== Provided records ==

definition eigenvalues3 :: "real^3^3 \<Rightarrow> real set" where
  "eigenvalues3 A = {l. \<exists>v. v \<noteq> 0 \<and> A *v v = l *\<^sub>R v}"

definition tensor :: "real^3 \<Rightarrow> real^3 \<Rightarrow> real^3^3" where
  "tensor a b = (\<chi> i j. a $ i * b $ j)"

definition parallel3 :: "real^3 \<Rightarrow> real^3 \<Rightarrow> bool" where
  "parallel3 a b \<longleftrightarrow> (\<exists>c. a = c *\<^sub>R b) \<or> (\<exists>c. b = c *\<^sub>R a)"

end

theory Submission
  imports Defs
begin

text \<open>Diagonalise \<open>U\<close> in an orthonormal eigenbasis. Since \<open>U\<close> has simple spectrum and
  commutes with \<open>V\<close>, the matrix \<open>V\<close> is diagonal in the same basis; being a rotated copy of \<open>U\<close>
  (same trace and determinant) that fixes the common eigenvector, and differing from \<open>U\<close>, it is
  \<open>U\<close> with \<open>\<lambda>\<^sub>1\<close> and \<open>\<lambda>\<^sub>3\<close> swapped. The problem then lives in the plane orthogonal to the
  common eigenvector: a rotation about that axis makes \<open>diag(\<lambda>\<^sub>1, \<lambda>\<^sub>3) - I\<close> rank-one precisely
  when \<open>\<lambda>\<^sub>1\<^sup>2 + \<lambda>\<^sub>3\<^sup>2 = 2 \<lambda>\<^sub>1\<^sup>2 \<lambda>\<^sub>3\<^sup>2\<close>, which is the hypothesis on \<open>\<lambda>\<^sub>3\<close>. The two senses of rotation
  give the shear vectors \<open>b\<^sup>\<plusminus> \<sim> (1, 0, \<plusminus>1)\<close>, and swapping \<open>\<lambda>\<^sub>1, \<lambda>\<^sub>3\<close> yields the same
  shear vectors for \<open>V\<close>.\<close>

definition diag3 :: "real \<Rightarrow> real \<Rightarrow> real \<Rightarrow> real^3^3" where
  "diag3 a b c = vector [vector [a,0,0], vector [0,b,0], vector [0,0,c]]"

lemma matrix_matrix_mult_3:
  "((A::real^3^3) ** B)$i$j = A$i$1*B$1$j + A$i$2*B$2$j + A$i$3*B$3$j"
  by (simp add: matrix_matrix_mult_def sum_3)

lemma matrix_vector_mult_3:
  "((A::real^3^3) *v x)$i = A$i$1*x$1 + A$i$2*x$2 + A$i$3*x$3"
  by (simp add: matrix_vector_mult_def sum_3)

lemma inner_vec_3: "(x::real^3) \<bullet> y = x$1*y$1 + x$2*y$2 + x$3*y$3"
  by (simp add: inner_vec_def sum_3)

lemma matrix_diff_ldistrib: "(A::'a::ring_1^'n^'m) ** (B - C) = A ** B - A ** C"
  by (simp add: vec_eq_iff matrix_matrix_mult_def sum_subtractf right_diff_distrib)

lemma matrix_diff_rdistrib: "((B::'a::ring_1^'n^'m) - C) ** A = B ** A - C ** A"
  by (simp add: vec_eq_iff matrix_matrix_mult_def sum_subtractf left_diff_distrib)

lemma orthogonal_conj_mult:
  fixes P :: "real^'n^'n"
  assumes "orthogonal_matrix P"
  shows "(P ** A ** transpose P) ** (P ** B ** transpose P) = P ** (A ** B) ** transpose P"
proof -
  have "transpose P ** (P ** X) = X" for X :: "real^'n^'n"
    using assms by (simp add: matrix_mul_assoc orthogonal_matrix)
  then show ?thesis by (simp add: matrix_mul_assoc[symmetric])
qed

lemma orthogonal_conj_cancel:
  fixes P :: "real^'n^'n"
  assumes "orthogonal_matrix P"
  shows "transpose P ** (P ** A ** transpose P) ** P = A"
proof -
  have "transpose P ** P = mat 1" using assms by (simp add: orthogonal_matrix)
  moreover have "transpose P ** (P ** X) = X" for X :: "real^'n^'n"
    using calculation by (simp add: matrix_mul_assoc)
  ultimately show ?thesis by (simp add: matrix_mul_assoc[symmetric])
qed

lemma orthogonal_conj_diff_mat1:
  fixes P :: "real^'n^'n"
  assumes "orthogonal_matrix P"
  shows "P ** A ** transpose P - mat 1 = P ** (A - mat 1) ** transpose P"
  using assms by (simp add: matrix_diff_ldistrib matrix_diff_rdistrib orthogonal_matrix_def)

lemma trace_orthogonal_conj:
  fixes P :: "real^'n^'n"
  assumes "orthogonal_matrix P"
  shows "trace (P ** A ** transpose P) = trace A"
  using assms by (simp add: trace_mul_sym[of "P ** A"] matrix_mul_assoc orthogonal_matrix)

lemma det_orthogonal_conj:
  fixes P :: "real^'n^'n"
  assumes "orthogonal_matrix P"
  shows "det (P ** A ** transpose P) = det A"
proof -
  have "det P * det P = 1" using det_orthogonal_matrix[OF assms] by auto
  then show ?thesis by (simp add: det_mul det_transpose)
qed

lemma norm_orthogonal_matrix_mult:
  fixes P :: "real^'n^'n"
  assumes "orthogonal_matrix P"
  shows "norm (P *v x) = norm x"
  using assms orthogonal_transformation_matrix[of "(*v) P"]
  by (simp add: orthogonal_transformation_norm)

lemma orthogonal_conj_SO3:
  assumes "orthogonal_matrix P" "Q \<in> SO3"
  shows "P ** Q ** transpose P \<in> SO3"
proof -
  have "det P * det P = 1" using det_orthogonal_matrix[OF assms(1)] by auto
  then show ?thesis using assms by (auto simp: SO3_def det_mul orthogonal_matrix_mul)
qed

lemma symmetric_eigenvectors_orthogonal:
  fixes U :: "real^'n^'n"
  assumes "transpose U = U" "U *v x = a *\<^sub>R x" "U *v y = b *\<^sub>R y" "a \<noteq> b"
  shows "x \<bullet> y = 0"
proof -
  have "(U *v x) \<bullet> y = x \<bullet> (U *v y)"
    by (metis assms(1) dot_lmul_matrix transpose_transpose vector_transpose_matrix)
  then have "a * (x \<bullet> y) = b * (x \<bullet> y)" using assms by simp
  then show ?thesis using assms(4) by simp
qed

lemma unit_eigenvector_exists:
  assumes "l \<in> eigenvalues3 U"
  obtains u where "norm u = 1" "U *v u = l *\<^sub>R u"
proof -
  obtain v where "v \<noteq> 0" "U *v v = l *\<^sub>R v" using assms by (auto simp: eigenvalues3_def)
  then show ?thesis
    by (intro that[of "(1 / norm v) *\<^sub>R v"]) (simp_all add: matrix_vector_mult_scaleR)
qed

lemma symmetric_diagonalization3:
  assumes U: "transpose U = U" and ev: "eigenvalues3 U = {a, b, c}"
    and distinct: "a \<noteq> b" "a \<noteq> c" "b \<noteq> c"
  obtains P where "orthogonal_matrix P" "U = P ** diag3 a b c ** transpose P"
proof -
  obtain u1 u2 u3 where
    u: "norm u1 = 1" "norm u2 = 1" "norm u3 = 1" and
    e: "U *v u1 = a *\<^sub>R u1" "U *v u2 = b *\<^sub>R u2" "U *v u3 = c *\<^sub>R u3"
    using unit_eigenvector_exists ev by (metis insertI1 insertI2)
  have orth: "u1 \<bullet> u2 = 0" "u1 \<bullet> u3 = 0" "u2 \<bullet> u3 = 0"
    using symmetric_eigenvectors_orthogonal[OF U] e distinct by blast+
  have unit: "u1 \<bullet> u1 = 1" "u2 \<bullet> u2 = 1" "u3 \<bullet> u3 = 1"
    using u by (simp_all add: norm_eq_1)
  define Q :: "real^3^3" where "Q = vector [u1, u2, u3]"
  have "Q ** transpose Q = mat 1"
    using orth unit
    by (auto simp: vec_eq_iff forall_3 matrix_matrix_mult_3 mat_def transpose_def Q_def inner_vec_3
        mult.commute)
  then have oP: "orthogonal_matrix (transpose Q)"
    by (simp add: orthogonal_matrix)
  have "\<forall>j. U *v (Q $ j) = diag3 a b c $ j $ j *\<^sub>R Q $ j"
    unfolding forall_3 using e by (simp add: Q_def diag3_def)
  then have eig: "U *v (Q $ j) = diag3 a b c $ j $ j *\<^sub>R Q $ j" for j by blast
  have "U ** transpose Q = transpose Q ** diag3 a b c"
  proof -
    have "(U ** transpose Q) $ i $ j = (U *v (Q $ j)) $ i" for i j
      by (simp add: matrix_matrix_mult_def matrix_vector_mult_def transpose_def)
    moreover have "\<forall>j. (transpose Q ** diag3 a b c) $ i $ j = Q $ j $ i * diag3 a b c $ j $ j" for i
      unfolding forall_3 by (simp add: matrix_matrix_mult_3 diag3_def transpose_def)
    ultimately show ?thesis by (simp add: vec_eq_iff eig)
  qed
  then have "U = transpose Q ** diag3 a b c ** transpose (transpose Q)"
    using oP by (metis matrix_mul_assoc matrix_mul_rid orthogonal_matrix_def)
  with oP show ?thesis by (rule that)
qed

===

Problem to solve: Every line of the material that holds the word "tensor" must be found and copied.

Result of this exercise:
definition tensor :: "real^3 \<Rightarrow> real^3 \<Rightarrow> real^3^3" where
  "tensor a b = (\<chi> i j. a $ i * b $ j)"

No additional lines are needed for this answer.